*** Given records ***

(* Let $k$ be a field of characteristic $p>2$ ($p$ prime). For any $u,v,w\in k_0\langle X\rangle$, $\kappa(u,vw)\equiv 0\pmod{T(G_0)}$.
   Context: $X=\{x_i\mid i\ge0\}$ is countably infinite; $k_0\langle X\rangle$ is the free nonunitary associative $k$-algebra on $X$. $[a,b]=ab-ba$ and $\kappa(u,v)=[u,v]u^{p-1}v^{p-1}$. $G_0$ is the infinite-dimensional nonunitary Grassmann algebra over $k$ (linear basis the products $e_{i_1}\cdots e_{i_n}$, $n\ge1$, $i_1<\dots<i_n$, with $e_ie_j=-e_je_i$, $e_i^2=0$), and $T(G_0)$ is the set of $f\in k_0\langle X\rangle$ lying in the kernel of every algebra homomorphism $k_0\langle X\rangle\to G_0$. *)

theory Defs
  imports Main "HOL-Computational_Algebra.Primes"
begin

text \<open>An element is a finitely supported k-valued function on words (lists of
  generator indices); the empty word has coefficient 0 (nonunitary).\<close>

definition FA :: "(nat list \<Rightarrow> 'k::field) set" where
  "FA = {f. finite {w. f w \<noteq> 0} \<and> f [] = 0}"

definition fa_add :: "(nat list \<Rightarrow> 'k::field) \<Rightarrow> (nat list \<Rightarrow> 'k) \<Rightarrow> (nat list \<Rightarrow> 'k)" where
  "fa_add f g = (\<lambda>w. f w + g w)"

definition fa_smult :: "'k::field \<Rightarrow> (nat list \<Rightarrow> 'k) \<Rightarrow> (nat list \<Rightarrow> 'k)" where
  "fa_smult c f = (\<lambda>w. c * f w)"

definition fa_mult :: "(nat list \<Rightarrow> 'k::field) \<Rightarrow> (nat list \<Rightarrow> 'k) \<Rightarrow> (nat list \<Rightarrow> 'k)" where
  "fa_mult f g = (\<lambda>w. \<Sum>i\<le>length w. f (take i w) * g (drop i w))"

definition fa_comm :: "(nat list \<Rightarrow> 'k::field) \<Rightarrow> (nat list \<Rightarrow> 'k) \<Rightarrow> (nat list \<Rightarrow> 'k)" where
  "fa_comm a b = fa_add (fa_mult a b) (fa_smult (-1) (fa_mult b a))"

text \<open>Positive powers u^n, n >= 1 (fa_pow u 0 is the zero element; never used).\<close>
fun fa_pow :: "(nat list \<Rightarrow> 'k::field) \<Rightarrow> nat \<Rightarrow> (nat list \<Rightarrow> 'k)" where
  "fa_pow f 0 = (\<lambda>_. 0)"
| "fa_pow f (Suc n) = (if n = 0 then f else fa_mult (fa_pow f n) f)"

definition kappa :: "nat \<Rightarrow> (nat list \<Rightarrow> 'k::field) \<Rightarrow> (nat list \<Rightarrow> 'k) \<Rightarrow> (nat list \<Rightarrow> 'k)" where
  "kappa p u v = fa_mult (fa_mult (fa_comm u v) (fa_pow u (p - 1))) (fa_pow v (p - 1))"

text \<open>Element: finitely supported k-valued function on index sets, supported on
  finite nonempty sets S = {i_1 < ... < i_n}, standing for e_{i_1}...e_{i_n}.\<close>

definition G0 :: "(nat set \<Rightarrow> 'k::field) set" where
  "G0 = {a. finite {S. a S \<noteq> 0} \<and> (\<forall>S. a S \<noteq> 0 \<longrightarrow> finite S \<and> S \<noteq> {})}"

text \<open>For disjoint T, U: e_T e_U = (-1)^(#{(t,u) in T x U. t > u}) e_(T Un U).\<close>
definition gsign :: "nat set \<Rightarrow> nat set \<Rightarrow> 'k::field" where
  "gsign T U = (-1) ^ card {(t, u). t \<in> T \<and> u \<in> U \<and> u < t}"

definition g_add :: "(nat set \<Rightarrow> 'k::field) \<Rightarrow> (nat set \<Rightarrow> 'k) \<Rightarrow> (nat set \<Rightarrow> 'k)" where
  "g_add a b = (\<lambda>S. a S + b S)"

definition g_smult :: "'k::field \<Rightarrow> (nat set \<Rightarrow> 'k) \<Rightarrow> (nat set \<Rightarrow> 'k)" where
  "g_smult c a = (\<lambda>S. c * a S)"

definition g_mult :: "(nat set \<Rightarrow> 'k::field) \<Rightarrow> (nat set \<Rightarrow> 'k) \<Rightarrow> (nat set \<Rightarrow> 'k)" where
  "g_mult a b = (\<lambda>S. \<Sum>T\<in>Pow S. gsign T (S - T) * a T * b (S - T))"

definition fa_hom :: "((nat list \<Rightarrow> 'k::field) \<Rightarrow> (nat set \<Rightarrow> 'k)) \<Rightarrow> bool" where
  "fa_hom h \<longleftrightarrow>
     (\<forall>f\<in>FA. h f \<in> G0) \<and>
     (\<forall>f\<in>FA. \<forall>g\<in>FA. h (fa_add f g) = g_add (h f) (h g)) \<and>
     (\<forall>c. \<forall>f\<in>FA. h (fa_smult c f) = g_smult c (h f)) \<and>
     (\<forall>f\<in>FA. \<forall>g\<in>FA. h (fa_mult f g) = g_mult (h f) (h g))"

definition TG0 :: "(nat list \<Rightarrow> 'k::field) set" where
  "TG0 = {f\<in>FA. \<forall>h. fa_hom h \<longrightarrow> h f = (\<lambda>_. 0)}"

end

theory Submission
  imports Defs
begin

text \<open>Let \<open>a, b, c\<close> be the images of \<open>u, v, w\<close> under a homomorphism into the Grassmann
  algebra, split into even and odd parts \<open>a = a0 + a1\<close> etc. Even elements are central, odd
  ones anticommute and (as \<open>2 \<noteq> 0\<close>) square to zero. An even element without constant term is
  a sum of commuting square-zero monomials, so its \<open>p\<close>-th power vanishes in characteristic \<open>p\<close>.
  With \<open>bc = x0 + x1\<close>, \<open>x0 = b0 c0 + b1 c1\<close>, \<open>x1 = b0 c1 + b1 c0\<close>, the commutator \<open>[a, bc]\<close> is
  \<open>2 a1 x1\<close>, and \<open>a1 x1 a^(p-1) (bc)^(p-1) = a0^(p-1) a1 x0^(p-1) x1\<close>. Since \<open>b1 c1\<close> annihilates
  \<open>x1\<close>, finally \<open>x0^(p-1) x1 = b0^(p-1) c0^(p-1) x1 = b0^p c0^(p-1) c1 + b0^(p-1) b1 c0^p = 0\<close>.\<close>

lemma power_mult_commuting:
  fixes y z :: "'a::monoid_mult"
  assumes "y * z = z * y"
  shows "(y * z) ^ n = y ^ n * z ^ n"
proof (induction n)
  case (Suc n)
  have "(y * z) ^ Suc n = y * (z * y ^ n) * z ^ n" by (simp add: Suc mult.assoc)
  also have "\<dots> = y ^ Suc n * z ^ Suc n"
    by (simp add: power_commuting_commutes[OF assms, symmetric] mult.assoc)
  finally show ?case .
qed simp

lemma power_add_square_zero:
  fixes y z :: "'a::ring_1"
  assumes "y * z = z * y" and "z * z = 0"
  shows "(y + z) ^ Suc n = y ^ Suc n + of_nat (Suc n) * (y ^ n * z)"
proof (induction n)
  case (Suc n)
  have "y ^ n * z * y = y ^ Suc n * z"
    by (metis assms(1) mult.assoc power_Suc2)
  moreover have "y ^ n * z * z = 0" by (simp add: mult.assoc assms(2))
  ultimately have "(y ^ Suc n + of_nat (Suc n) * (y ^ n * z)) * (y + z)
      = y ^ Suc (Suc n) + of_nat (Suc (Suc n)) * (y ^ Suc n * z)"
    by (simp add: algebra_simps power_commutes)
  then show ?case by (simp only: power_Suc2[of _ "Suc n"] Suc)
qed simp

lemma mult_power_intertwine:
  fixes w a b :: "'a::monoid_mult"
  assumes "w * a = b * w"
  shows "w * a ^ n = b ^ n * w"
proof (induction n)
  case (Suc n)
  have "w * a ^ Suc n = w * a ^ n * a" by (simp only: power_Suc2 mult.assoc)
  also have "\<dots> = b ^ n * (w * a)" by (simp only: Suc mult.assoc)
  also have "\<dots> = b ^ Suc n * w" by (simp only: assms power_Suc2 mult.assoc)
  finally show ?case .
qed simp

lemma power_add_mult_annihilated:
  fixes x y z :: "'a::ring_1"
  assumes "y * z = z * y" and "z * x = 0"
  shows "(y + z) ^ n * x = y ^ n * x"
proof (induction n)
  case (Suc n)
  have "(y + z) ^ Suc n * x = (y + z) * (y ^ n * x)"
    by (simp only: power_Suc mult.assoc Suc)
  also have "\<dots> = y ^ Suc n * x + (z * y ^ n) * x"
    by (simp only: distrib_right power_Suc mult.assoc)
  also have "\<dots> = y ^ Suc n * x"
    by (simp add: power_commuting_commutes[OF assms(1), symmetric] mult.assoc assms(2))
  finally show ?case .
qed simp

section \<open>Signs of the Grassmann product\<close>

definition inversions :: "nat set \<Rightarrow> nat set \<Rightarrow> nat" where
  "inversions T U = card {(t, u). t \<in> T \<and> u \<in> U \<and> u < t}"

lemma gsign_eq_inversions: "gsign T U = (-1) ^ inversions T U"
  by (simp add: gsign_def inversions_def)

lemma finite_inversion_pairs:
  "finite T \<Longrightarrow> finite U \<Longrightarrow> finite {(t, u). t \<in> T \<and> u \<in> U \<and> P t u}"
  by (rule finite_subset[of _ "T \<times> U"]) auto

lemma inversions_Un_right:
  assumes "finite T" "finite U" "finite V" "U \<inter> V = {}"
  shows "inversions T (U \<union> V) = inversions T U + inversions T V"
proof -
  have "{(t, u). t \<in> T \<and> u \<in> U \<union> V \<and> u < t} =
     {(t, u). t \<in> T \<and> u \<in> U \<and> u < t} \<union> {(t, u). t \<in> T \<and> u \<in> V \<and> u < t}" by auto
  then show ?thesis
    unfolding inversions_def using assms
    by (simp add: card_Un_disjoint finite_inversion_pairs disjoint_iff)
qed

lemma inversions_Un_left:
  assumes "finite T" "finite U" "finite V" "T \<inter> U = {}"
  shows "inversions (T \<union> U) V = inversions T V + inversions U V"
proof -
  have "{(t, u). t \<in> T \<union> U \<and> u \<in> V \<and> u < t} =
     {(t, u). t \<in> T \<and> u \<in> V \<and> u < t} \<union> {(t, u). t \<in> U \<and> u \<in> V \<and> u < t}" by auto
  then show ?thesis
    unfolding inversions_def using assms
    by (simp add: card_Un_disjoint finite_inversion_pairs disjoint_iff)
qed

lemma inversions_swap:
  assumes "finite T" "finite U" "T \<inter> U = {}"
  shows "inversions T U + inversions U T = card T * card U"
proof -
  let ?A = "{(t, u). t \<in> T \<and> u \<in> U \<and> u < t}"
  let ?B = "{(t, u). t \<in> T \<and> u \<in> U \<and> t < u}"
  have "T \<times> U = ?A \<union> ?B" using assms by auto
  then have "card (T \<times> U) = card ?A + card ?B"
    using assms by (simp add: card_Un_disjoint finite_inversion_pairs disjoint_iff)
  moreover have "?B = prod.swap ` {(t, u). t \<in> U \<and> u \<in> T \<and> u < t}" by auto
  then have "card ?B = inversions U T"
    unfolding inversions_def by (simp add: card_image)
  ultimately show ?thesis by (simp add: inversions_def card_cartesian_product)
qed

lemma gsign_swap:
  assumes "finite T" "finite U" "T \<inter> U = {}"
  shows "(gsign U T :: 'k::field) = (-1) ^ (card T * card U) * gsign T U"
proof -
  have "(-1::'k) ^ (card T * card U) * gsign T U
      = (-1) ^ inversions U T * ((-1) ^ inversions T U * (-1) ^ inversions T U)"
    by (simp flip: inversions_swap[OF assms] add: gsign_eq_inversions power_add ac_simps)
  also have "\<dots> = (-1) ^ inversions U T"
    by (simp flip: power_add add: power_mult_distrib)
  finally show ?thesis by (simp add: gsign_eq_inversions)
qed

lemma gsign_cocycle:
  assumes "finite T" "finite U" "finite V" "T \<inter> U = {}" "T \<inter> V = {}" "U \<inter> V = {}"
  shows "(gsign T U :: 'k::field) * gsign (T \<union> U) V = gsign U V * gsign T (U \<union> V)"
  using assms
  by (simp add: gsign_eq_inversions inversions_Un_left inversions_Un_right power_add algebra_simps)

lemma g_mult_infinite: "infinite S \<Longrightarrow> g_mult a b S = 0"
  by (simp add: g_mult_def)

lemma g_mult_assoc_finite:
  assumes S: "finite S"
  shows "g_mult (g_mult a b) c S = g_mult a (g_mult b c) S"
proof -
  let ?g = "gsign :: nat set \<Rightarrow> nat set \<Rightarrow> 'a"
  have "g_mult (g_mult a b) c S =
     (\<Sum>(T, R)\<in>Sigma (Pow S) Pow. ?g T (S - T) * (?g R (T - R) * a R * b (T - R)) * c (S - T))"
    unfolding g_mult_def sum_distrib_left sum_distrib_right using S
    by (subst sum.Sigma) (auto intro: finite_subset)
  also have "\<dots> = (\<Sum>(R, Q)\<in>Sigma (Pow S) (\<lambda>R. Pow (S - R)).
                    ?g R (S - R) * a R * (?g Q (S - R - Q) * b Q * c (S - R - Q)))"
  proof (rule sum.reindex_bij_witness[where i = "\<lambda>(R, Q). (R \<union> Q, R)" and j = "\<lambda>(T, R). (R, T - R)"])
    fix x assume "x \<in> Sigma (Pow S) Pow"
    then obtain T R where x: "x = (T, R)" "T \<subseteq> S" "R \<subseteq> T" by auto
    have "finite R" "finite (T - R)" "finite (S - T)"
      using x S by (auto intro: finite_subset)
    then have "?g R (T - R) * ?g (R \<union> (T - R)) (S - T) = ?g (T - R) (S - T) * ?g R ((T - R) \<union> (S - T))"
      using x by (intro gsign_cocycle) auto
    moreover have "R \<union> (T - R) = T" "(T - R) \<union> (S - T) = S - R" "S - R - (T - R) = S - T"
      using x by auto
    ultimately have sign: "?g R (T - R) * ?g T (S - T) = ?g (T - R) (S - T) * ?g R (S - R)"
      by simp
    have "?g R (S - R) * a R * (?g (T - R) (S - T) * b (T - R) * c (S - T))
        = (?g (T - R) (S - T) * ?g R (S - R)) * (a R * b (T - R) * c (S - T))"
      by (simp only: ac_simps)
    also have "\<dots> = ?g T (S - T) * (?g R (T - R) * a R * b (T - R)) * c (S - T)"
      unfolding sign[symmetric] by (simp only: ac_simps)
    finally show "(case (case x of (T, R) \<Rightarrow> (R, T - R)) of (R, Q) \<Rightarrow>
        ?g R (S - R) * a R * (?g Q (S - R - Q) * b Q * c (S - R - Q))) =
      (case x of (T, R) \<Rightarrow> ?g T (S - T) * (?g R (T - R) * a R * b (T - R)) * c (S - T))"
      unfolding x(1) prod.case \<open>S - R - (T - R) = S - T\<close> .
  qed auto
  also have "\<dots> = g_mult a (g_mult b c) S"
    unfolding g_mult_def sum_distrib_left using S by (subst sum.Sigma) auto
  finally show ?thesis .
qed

*** End of Given records ***

What is needed: Search the records above for the string "valued". Report each line that has it.

Exercise solution:
text \<open>An element is a finitely supported k-valued function on words (lists of
text \<open>Element: finitely supported k-valued function on index sets, supported on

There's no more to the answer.